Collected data
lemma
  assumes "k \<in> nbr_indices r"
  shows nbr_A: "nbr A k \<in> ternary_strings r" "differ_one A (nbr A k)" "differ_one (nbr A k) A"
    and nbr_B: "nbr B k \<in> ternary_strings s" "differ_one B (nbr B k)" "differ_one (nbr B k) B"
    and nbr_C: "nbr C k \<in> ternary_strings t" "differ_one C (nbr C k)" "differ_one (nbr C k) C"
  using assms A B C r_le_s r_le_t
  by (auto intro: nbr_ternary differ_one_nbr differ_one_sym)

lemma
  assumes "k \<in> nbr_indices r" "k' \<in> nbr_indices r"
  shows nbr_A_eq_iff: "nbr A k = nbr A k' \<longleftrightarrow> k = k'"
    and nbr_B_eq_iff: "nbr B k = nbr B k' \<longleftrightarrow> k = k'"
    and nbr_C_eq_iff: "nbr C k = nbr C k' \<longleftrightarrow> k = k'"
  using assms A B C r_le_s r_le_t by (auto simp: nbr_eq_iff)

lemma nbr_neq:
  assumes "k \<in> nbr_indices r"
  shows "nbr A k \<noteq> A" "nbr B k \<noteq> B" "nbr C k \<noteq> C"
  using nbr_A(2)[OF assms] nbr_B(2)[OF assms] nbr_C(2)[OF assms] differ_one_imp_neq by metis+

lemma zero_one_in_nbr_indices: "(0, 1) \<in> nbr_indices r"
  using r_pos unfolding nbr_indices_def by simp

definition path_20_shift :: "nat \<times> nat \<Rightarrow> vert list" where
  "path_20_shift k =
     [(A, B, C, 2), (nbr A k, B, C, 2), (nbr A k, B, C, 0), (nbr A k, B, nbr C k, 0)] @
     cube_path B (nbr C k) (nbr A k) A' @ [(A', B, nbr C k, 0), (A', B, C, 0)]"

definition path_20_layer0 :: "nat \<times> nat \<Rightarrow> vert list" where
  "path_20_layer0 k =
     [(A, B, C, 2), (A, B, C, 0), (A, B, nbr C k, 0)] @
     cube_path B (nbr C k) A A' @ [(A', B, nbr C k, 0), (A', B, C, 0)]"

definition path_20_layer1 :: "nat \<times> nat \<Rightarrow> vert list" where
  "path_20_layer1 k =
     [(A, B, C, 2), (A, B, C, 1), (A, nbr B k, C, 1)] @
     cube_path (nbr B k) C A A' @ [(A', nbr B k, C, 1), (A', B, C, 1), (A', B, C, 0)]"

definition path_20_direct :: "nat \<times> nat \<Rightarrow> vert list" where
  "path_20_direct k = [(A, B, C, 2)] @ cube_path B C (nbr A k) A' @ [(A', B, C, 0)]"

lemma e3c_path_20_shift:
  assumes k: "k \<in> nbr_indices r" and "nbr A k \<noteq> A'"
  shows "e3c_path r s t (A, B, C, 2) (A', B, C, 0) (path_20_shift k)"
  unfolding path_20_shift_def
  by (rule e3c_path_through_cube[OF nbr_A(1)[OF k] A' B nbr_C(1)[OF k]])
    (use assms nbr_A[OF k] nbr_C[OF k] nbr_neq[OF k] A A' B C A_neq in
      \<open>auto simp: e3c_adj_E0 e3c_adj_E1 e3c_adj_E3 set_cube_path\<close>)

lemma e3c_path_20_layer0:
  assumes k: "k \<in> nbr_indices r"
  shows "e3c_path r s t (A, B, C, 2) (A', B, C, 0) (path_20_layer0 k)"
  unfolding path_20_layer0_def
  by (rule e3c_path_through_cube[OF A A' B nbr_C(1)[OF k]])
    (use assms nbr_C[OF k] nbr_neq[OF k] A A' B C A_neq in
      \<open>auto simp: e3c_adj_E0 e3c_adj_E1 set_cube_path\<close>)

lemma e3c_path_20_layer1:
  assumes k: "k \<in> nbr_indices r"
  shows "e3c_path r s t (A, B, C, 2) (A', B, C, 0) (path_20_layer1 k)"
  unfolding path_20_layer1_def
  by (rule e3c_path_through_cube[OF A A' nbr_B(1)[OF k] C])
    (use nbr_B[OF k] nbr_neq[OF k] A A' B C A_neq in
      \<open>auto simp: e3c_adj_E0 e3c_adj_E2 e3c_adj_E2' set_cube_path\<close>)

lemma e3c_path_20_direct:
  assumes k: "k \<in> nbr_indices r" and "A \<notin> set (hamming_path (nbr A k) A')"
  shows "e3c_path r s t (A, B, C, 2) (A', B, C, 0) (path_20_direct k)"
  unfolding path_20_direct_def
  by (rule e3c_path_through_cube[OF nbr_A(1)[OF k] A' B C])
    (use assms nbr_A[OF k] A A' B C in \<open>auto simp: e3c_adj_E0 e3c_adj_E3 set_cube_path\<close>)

*Work order:* Copy, from the data above, every line where the word "lemma" appears.

*Task output:*
lemma
lemma
lemma nbr_neq:
lemma zero_one_in_nbr_indices: "(0, 1) \<in> nbr_indices r"
lemma e3c_path_20_shift:
lemma e3c_path_20_layer0:
lemma e3c_path_20_layer1:
lemma e3c_path_20_direct:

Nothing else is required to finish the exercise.